Recorded data:
────────────────────
(* Let $n, m \ge 1$. Let $F \in \mathbb{R}^{n\times n}$ (state transition matrix) and $H \in \mathbb{R}^{m\times n}$ (measurement matrix) be known, with $H$ of full row rank $m$, and let $Q \in \mathbb{R}^{n\times n}$ and $R \in \mathbb{R}^{m\times m}$ (process and measurement noise covariances) be known symmetric positive definite matrices. Let $\tilde{x}_{t-1} \in \mathbb{R}^n$ and a symmetric positive semidefinite $\tilde{P}_{t-1} \in \mathbb{R}^{n\times n}$ be the previous state estimate and covariance. Define the Kalman prediction $$\hat{x}_t = F\tilde{x}_{t-1}, \qquad \hat{P}_t = F\tilde{P}_{t-1}F^T + Q,$$ and, for an observed measurement $\hat{z}_t \in \mathbb{R}^m$, the Kalman update $$K_t = \hat{P}_t H^T (H\hat{P}_t H^T + R)^{-1}, \qquad \tilde{x}_t = \hat{x}_t + K_t(\hat{z}_t - H\hat{x}_t), \qquad \tilde{P}_t = (I - K_t H)\hat{P}_t .$$ Consider the a-priori distribution $\mathcal{N}(\hat{x}_t, \hat{P}_t)$ and the a-posteriori distribution $\mathcal{N}(\tilde{x}_t, \tilde{P}_t)$ on $\mathbb{R}^n$, and the function $$D(\hat{z}_t) = D_{KL}\big(\mathcal{N}(\hat{x}_t,\hat{P}_t)\,\|\,\mathcal{N}(\tilde{x}_t,\tilde{P}_t)\big).$$ Then minimizing the residual $\|\hat{z}_t - H\hat{x}_t\|_2$ over $\hat{z}_t \in \mathbb{R}^m$ is equivalent to minimizing $D(\hat{z}_t)$ over $\hat{z}_t \in \mathbb{R}^m$; that is, the set of minimizers of $\hat{z}_t \mapsto \|\hat{z}_t - H\hat{x}_t\|_2$ coincides with the set of minimizers of $\hat{z}_t \mapsto D(\hat{z}_t)$.
   Context: $D_{KL}(p\|q) = \mathbb{E}_{p}[\log p - \log q]$ denotes the Kullback–Leibler divergence; for Gaussians on $\mathbb{R}^n$, $D_{KL}(\mathcal{N}(\mu_0,\Sigma_0)\|\mathcal{N}(\mu_1,\Sigma_1)) = \tfrac12\big(\log\frac{\det\Sigma_1}{\det\Sigma_0} - n + \mathrm{tr}(\Sigma_1^{-1}\Sigma_0) + (\mu_1-\mu_0)^T\Sigma_1^{-1}(\mu_1-\mu_0)\big)$. The setting is the linear Kalman filter model $x_t = Fx_{t-1} + \omega$, $\omega \sim \mathcal{N}(0,Q)$, $z_t = Hx_t + \nu$, $\nu \sim \mathcal{N}(0,R)$. *)

theory Defs
  imports "HOL-Analysis.Analysis"
begin

definition sym_pos_def_mat :: "real^'n^'n \<Rightarrow> bool" where
  "sym_pos_def_mat A \<longleftrightarrow> transpose A = A \<and> (\<forall>x. x \<noteq> 0 \<longrightarrow> x \<bullet> (A *v x) > 0)"

definition sym_pos_semidef_mat :: "real^'n^'n \<Rightarrow> bool" where
  "sym_pos_semidef_mat A \<longleftrightarrow> transpose A = A \<and> (\<forall>x. x \<bullet> (A *v x) \<ge> 0)"

definition gauss_KL :: "real^'n \<Rightarrow> real^'n^'n \<Rightarrow> real^'n \<Rightarrow> real^'n^'n \<Rightarrow> real" where
  "gauss_KL mu0 S0 mu1 S1 =
     (ln (det S1 / det S0) - real CARD('n) + trace (matrix_inv S1 ** S0)
      + (mu1 - mu0) \<bullet> (matrix_inv S1 *v (mu1 - mu0))) / 2"

definition kf_pred_mean :: "real^'n^'n \<Rightarrow> real^'n \<Rightarrow> real^'n" where
  "kf_pred_mean F x = F *v x"

definition kf_pred_cov :: "real^'n^'n \<Rightarrow> real^'n^'n \<Rightarrow> real^'n^'n \<Rightarrow> real^'n^'n" where
  "kf_pred_cov F P Q = F ** P ** transpose F + Q"

definition kf_gain :: "real^'n^'n \<Rightarrow> real^'n^'m \<Rightarrow> real^'m^'m \<Rightarrow> real^'m^'n" where
  "kf_gain P H R = P ** transpose H ** matrix_inv (H ** P ** transpose H + R)"

definition kf_upd_mean :: "real^'n \<Rightarrow> real^'n^'n \<Rightarrow> real^'n^'m \<Rightarrow> real^'m^'m \<Rightarrow> real^'m \<Rightarrow> real^'n" where
  "kf_upd_mean xh P H R z = xh + kf_gain P H R *v (z - H *v xh)"

definition kf_upd_cov :: "real^'n^'n \<Rightarrow> real^'n^'m \<Rightarrow> real^'m^'m \<Rightarrow> real^'n^'n" where
  "kf_upd_cov P H R = (mat 1 - kf_gain P H R ** H) ** P"

definition minimizers :: "('a \<Rightarrow> real) \<Rightarrow> 'a set" where
  "minimizers f = {z. \<forall>z'. f z \<le> f z'}"

end

theory Submission
  imports Defs
begin

text \<open>The updated mean depends on the measurement z only through the residual r = z - H xh,
  and z enters the divergence only through the Mahalanobis term (K r)' Pt^-1 (K r) / 2; the
  determinant and trace terms do not involve z. The posterior covariance
  Pt = Ph - Ph H' S^-1 H Ph, with S = H Ph H' + R, is positive definite (a Schur complement
  argument using R > 0), and the gain K = Ph H' S^-1 is injective because H has full row rank.
  So the Mahalanobis term is a positive definite quadratic form in r, and both objectives have
  the unique minimizer z = H xh.\<close>

declare transpose_matrix_vector [simp del] vector_transpose_matrix [simp del]

lemma inner_matrix_vector_transpose:
  "x \<bullet> ((A::real^'n^'m) *v y) = (transpose A *v x) \<bullet> y"
  by (simp add: dot_lmul_matrix transpose_matrix_vector)

lemma transpose_add: "transpose (A + B) = transpose A + transpose (B::'a::semiring_1^'n^'m)"
  by (simp add: transpose_def vec_eq_iff)

lemma matrix_inv_right:
  fixes A :: "'a::semiring_1^'n^'m"
  assumes "invertible A"
  shows "A ** matrix_inv A = mat 1"
proof -
  have "\<exists>A'. A ** A' = mat 1 \<and> A' ** A = mat 1"
    using assms unfolding invertible_def by blast
  then have "A ** matrix_inv A = mat 1 \<and> matrix_inv A ** A = mat 1"
    unfolding matrix_inv_def by (rule someI_ex)
  then show ?thesis ..
qed

definition pos_def_mat :: "real^'n^'n \<Rightarrow> bool" where
  "pos_def_mat A \<longleftrightarrow> (\<forall>x. x \<noteq> 0 \<longrightarrow> 0 < x \<bullet> (A *v x))"

definition pos_semidef_mat :: "real^'n^'n \<Rightarrow> bool" where
  "pos_semidef_mat A \<longleftrightarrow> (\<forall>x. 0 \<le> x \<bullet> (A *v x))"

lemma sym_pos_def_mat_iff: "sym_pos_def_mat A \<longleftrightarrow> transpose A = A \<and> pos_def_mat A"
  by (simp add: sym_pos_def_mat_def pos_def_mat_def)

lemma sym_pos_semidef_mat_iff: "sym_pos_semidef_mat A \<longleftrightarrow> transpose A = A \<and> pos_semidef_mat A"
  by (simp add: sym_pos_semidef_mat_def pos_semidef_mat_def)

lemma pos_def_mat_imp_pos_semidef_mat: "pos_def_mat A \<Longrightarrow> pos_semidef_mat A"
  unfolding pos_def_mat_def pos_semidef_mat_def
  by (metis inner_zero_left less_eq_real_def)

lemma pos_semidef_mat_congruence:
  fixes A :: "real^'n^'m"
  assumes "pos_semidef_mat P"
  shows "pos_semidef_mat (A ** P ** transpose A)"
  unfolding pos_semidef_mat_def
proof
  fix x :: "real^'m"
  have "x \<bullet> ((A ** P ** transpose A) *v x) = (transpose A *v x) \<bullet> (P *v (transpose A *v x))"
    by (simp add: inner_matrix_vector_transpose flip: matrix_vector_mul_assoc)
  then show "0 \<le> x \<bullet> ((A ** P ** transpose A) *v x)"
    using assms unfolding pos_semidef_mat_def by simp
qed

lemma pos_semidef_mat_add_pos_def_mat:
  "pos_semidef_mat A \<Longrightarrow> pos_def_mat B \<Longrightarrow> pos_def_mat (A + B)"
  unfolding pos_semidef_mat_def pos_def_mat_def
  by (simp add: matrix_vector_mult_add_rdistrib inner_add_right add_nonneg_pos)

lemma pos_def_mat_invertible:
  assumes "pos_def_mat A"
  shows "invertible A"
proof -
  have "inj ((*v) A)"
  proof (rule injI)
    fix x y
    assume "A *v x = A *v y"
    then have "(x - y) \<bullet> (A *v (x - y)) = 0"
      by (simp add: matrix_vector_mult_diff_distrib)
    then show "x = y"
      using assms unfolding pos_def_mat_def by (metis eq_iff_diff_eq_0 less_irrefl)
  qed
  then show ?thesis
    using matrix_left_invertible_injective invertible_left_inverse by blast
qed

lemma pos_def_mat_matrix_inv:
  fixes A :: "real^'n^'n"
  assumes "pos_def_mat A"
  shows "pos_def_mat (matrix_inv A)"
  unfolding pos_def_mat_def
proof (intro allI impI)
  fix y :: "real^'n"
  assume "y \<noteq> 0"
  define x where "x = matrix_inv A *v y"
  have y: "y = A *v x"
    unfolding x_def
    by (simp add: matrix_vector_mul_assoc matrix_inv_right[OF pos_def_mat_invertible[OF assms]])
  with \<open>y \<noteq> 0\<close> have "x \<noteq> 0" by auto
  then have "0 < x \<bullet> (A *v x)"
    using assms unfolding pos_def_mat_def by blast
  moreover have "y \<bullet> (matrix_inv A *v y) = (A *v x) \<bullet> x"
    by (subst x_def[symmetric]) (simp add: y)
  ultimately show "0 < y \<bullet> (matrix_inv A *v y)"
    by (simp add: inner_commute)
qed

lemma kf_pred_cov_sym_pos_def:
  assumes "sym_pos_semidef_mat P" and "sym_pos_def_mat Q"
  shows "sym_pos_def_mat (kf_pred_cov F P Q)"
proof -
  have "transpose P = P" "pos_semidef_mat P" "transpose Q = Q" "pos_def_mat Q"
    using assms by (simp_all add: sym_pos_def_mat_iff sym_pos_semidef_mat_iff)
  then show ?thesis
    unfolding sym_pos_def_mat_iff kf_pred_cov_def
    by (simp add: transpose_add matrix_transpose_mul matrix_mul_assoc
        pos_semidef_mat_add_pos_def_mat pos_semidef_mat_congruence)
qed

definition kf_innov_cov :: "real^'n^'n \<Rightarrow> real^'n^'m \<Rightarrow> real^'m^'m \<Rightarrow> real^'m^'m" where
  "kf_innov_cov P H R = H ** P ** transpose H + R"

lemma kf_gain_innov_cov: "kf_gain P H R = P ** transpose H ** matrix_inv (kf_innov_cov P H R)"
  by (simp add: kf_gain_def kf_innov_cov_def)

lemma kf_innov_cov_pos_def:
  "pos_semidef_mat P \<Longrightarrow> pos_def_mat R \<Longrightarrow> pos_def_mat (kf_innov_cov P H R)"
  unfolding kf_innov_cov_def
  by (simp add: pos_semidef_mat_add_pos_def_mat pos_semidef_mat_congruence)

lemma kf_gain_injective:
  fixes H :: "real^'n^'m"
  assumes "pos_def_mat P" and "pos_def_mat R" and "rank H = CARD('m)"
  shows "inj ((*v) (kf_gain P H R))"
proof -
  have "invertible (matrix_inv (kf_innov_cov P H R))"
    using kf_innov_cov_pos_def pos_def_mat_matrix_inv pos_def_mat_invertible
      pos_def_mat_imp_pos_semidef_mat assms(1,2) by blast
  moreover have "inj ((*v) (transpose H))"
    using assms(3) full_rank_injective rank_transpose by metis
  moreover have "inj ((*v) P)"
    using pos_def_mat_invertible[OF assms(1)] inj_matrix_vector_mult by blast
  ultimately have "inj ((*v) P \<circ> (*v) (transpose H) \<circ> (*v) (matrix_inv (kf_innov_cov P H R)))"
    using inj_matrix_vector_mult by (blast intro: inj_compose)
  then show ?thesis
    by (simp add: kf_gain_innov_cov comp_def matrix_vector_mul_assoc)
qed

text \<open>Completing the square in the direction w = H' v: the Schur complement estimate behind
  the positive definiteness of the posterior covariance.\<close>
lemma kf_schur_complement_bound:
  fixes H :: "real^'n^'m"
  assumes "transpose P = P" and "pos_semidef_mat P"
    and v: "kf_innov_cov P H R *v v = H *v (P *v x)"
  shows "(H *v (P *v x)) \<bullet> v + v \<bullet> (R *v v) \<le> x \<bullet> (P *v x)"
proof -
  define w where "w = transpose H *v v"
  have P_sym: "a \<bullet> (P *v b) = b \<bullet> (P *v a)" for a b
    by (metis assms(1) inner_matrix_vector_transpose inner_commute)
  have xPw: "x \<bullet> (P *v w) = (H *v (P *v x)) \<bullet> v"
    by (metis P_sym w_def inner_matrix_vector_transpose inner_commute transpose_transpose)
  have "w \<bullet> (P *v w) = v \<bullet> (H *v (P *v w))"
    by (metis w_def inner_matrix_vector_transpose inner_commute transpose_transpose)
  also have "H *v (P *v w) = H *v (P *v x) - R *v v"
    using v by (simp add: kf_innov_cov_def w_def matrix_vector_mult_add_rdistrib eq_diff_eq
        flip: matrix_vector_mul_assoc)
  finally have wPw: "w \<bullet> (P *v w) = (H *v (P *v x)) \<bullet> v - v \<bullet> (R *v v)"
    by (simp add: inner_diff_right inner_commute)
  have "0 \<le> (x - w) \<bullet> (P *v (x - w))"
    using assms(2) unfolding pos_semidef_mat_def by blast
  also have "\<dots> = x \<bullet> (P *v x) - 2 * (x \<bullet> (P *v w)) + w \<bullet> (P *v w)"
    using P_sym[of w x]
    by (simp add: matrix_vector_mult_diff_distrib inner_diff_left inner_diff_right)
  finally show ?thesis
    using xPw wPw by linarith
qed

lemma kf_upd_cov_pos_def:
  fixes P :: "real^'n^'n" and H :: "real^'n^'m"
  assumes "transpose P = P" and "pos_def_mat P" and "pos_def_mat R"
  shows "pos_def_mat (kf_upd_cov P H R)"
  unfolding pos_def_mat_def
proof (intro allI impI)
  fix x :: "real^'n"
  assume "x \<noteq> 0"
  define u where "u = H *v (P *v x)"
  define v where "v = matrix_inv (kf_innov_cov P H R) *v u"
  have "invertible (kf_innov_cov P H R)"
    using assms(2,3) by (simp add: kf_innov_cov_pos_def pos_def_mat_imp_pos_semidef_mat
        pos_def_mat_invertible)
  then have Sv: "kf_innov_cov P H R *v v = u"
    by (simp add: v_def matrix_vector_mul_assoc matrix_inv_right)
  have "x \<bullet> (kf_upd_cov P H R *v x) = x \<bullet> (P *v x) - x \<bullet> (P *v (transpose H *v v))"
    by (simp add: kf_upd_cov_def kf_gain_innov_cov u_def v_def matrix_vector_mult_diff_rdistrib
        inner_diff_right flip: matrix_vector_mul_assoc)
  also have "x \<bullet> (P *v (transpose H *v v)) = u \<bullet> v"
    by (metis assms(1) u_def inner_matrix_vector_transpose inner_commute transpose_transpose)
  finally have upd: "x \<bullet> (kf_upd_cov P H R *v x) = x \<bullet> (P *v x) - u \<bullet> v" .
  have bound: "u \<bullet> v + v \<bullet> (R *v v) \<le> x \<bullet> (P *v x)"
    using kf_schur_complement_bound[OF assms(1) pos_def_mat_imp_pos_semidef_mat[OF assms(2)]]
      Sv by (simp add: u_def)
  show "0 < x \<bullet> (kf_upd_cov P H R *v x)"
  proof (cases "v = 0")
    case True
    then show ?thesis
      using assms(2) \<open>x \<noteq> 0\<close> by (simp add: upd pos_def_mat_def)
  next
    case False
    then have "0 < v \<bullet> (R *v v)"
      using assms(3) unfolding pos_def_mat_def by blast
    then show ?thesis
      using bound by (simp add: upd)
  qed
qed

lemma gauss_KL_eq_same_mean_plus:
  "gauss_KL mu0 S0 mu1 S1
     = gauss_KL mu0 S0 mu0 S1 + (mu1 - mu0) \<bullet> (matrix_inv S1 *v (mu1 - mu0)) / 2"
  by (simp add: gauss_KL_def add_divide_distrib)

lemma kf_upd_mean_diff: "kf_upd_mean xh P H R z - xh = kf_gain P H R *v (z - H *v xh)"
  by (simp add: kf_upd_mean_def)

lemma minimizers_eq_singleton:
  assumes "\<And>z. z \<noteq> c \<Longrightarrow> f c < f z"
  shows "minimizers f = {c}"
proof -
  have "f c \<le> f z" for z
    using assms[of z] by (cases "z = c") auto
  moreover have "\<not> (\<forall>z'. f z \<le> f z')" if "z \<noteq> c" for z
    using assms[OF that] not_le by blast
  ultimately show ?thesis
    unfolding minimizers_def by blast
qed

theorem theorem1:
  fixes F :: "real^'n^'n" and H :: "real^'n^'m"
    and Q :: "real^'n^'n" and R :: "real^'m^'m"
    and x_prev :: "real^'n" and P_prev :: "real^'n^'n"
  assumes "rank H = CARD('m)"
    and "sym_pos_def_mat Q" and "sym_pos_def_mat R"
    and "sym_pos_semidef_mat P_prev"
  defines "xh \<equiv> kf_pred_mean F x_prev"
    and "Ph \<equiv> kf_pred_cov F P_prev Q"
  shows "minimizers (\<lambda>z::real^'m. norm (z - H *v xh))
       = minimizers (\<lambda>z::real^'m. gauss_KL xh Ph (kf_upd_mean xh Ph H R z) (kf_upd_cov Ph H R))"
proof -
  have Ph: "transpose Ph = Ph" "pos_def_mat Ph"
    using kf_pred_cov_sym_pos_def[OF assms(4,2)] by (simp_all add: Ph_def sym_pos_def_mat_iff)
  have R: "pos_def_mat R"
    using assms(3) by (simp add: sym_pos_def_mat_iff)
  define K where "K = kf_gain Ph H R"
  define M where "M = matrix_inv (kf_upd_cov Ph H R)"
  have "inj ((*v) K)"
    unfolding K_def using kf_gain_injective[OF Ph(2) R assms(1)] .
  moreover have "pos_def_mat M"
    unfolding M_def using pos_def_mat_matrix_inv kf_upd_cov_pos_def Ph R by blast
  ultimately have mahalanobis_pos: "0 < (K *v r) \<bullet> (M *v (K *v r))" if "r \<noteq> 0" for r
    using that unfolding pos_def_mat_def by (metis injD matrix_vector_mult_0_right)
  have KL: "gauss_KL xh Ph (kf_upd_mean xh Ph H R z) (kf_upd_cov Ph H R)
      = gauss_KL xh Ph xh (kf_upd_cov Ph H R)
        + (K *v (z - H *v xh)) \<bullet> (M *v (K *v (z - H *v xh))) / 2" for z
    by (subst gauss_KL_eq_same_mean_plus) (simp only: kf_upd_mean_diff K_def M_def)
  have "minimizers (\<lambda>z::real^'m. norm (z - H *v xh)) = {H *v xh}"
    by (rule minimizers_eq_singleton) simp
  moreover have "minimizers (\<lambda>z. gauss_KL xh Ph (kf_upd_mean xh Ph H R z) (kf_upd_cov Ph H R))
      = {H *v xh}"
    unfolding KL by (rule minimizers_eq_singleton) (simp add: mahalanobis_pos)
  ultimately show ?thesis by simp
qed

end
────────────────────
▶ _Task to complete_: Restate the line containing "unfolding KL by" and every remaining line of the records word for word. Add nothing.

▶ _Answer to the exercise_:
    unfolding KL by (rule minimizers_eq_singleton) (simp add: mahalanobis_pos)
  ultimately show ?thesis by simp
qed

end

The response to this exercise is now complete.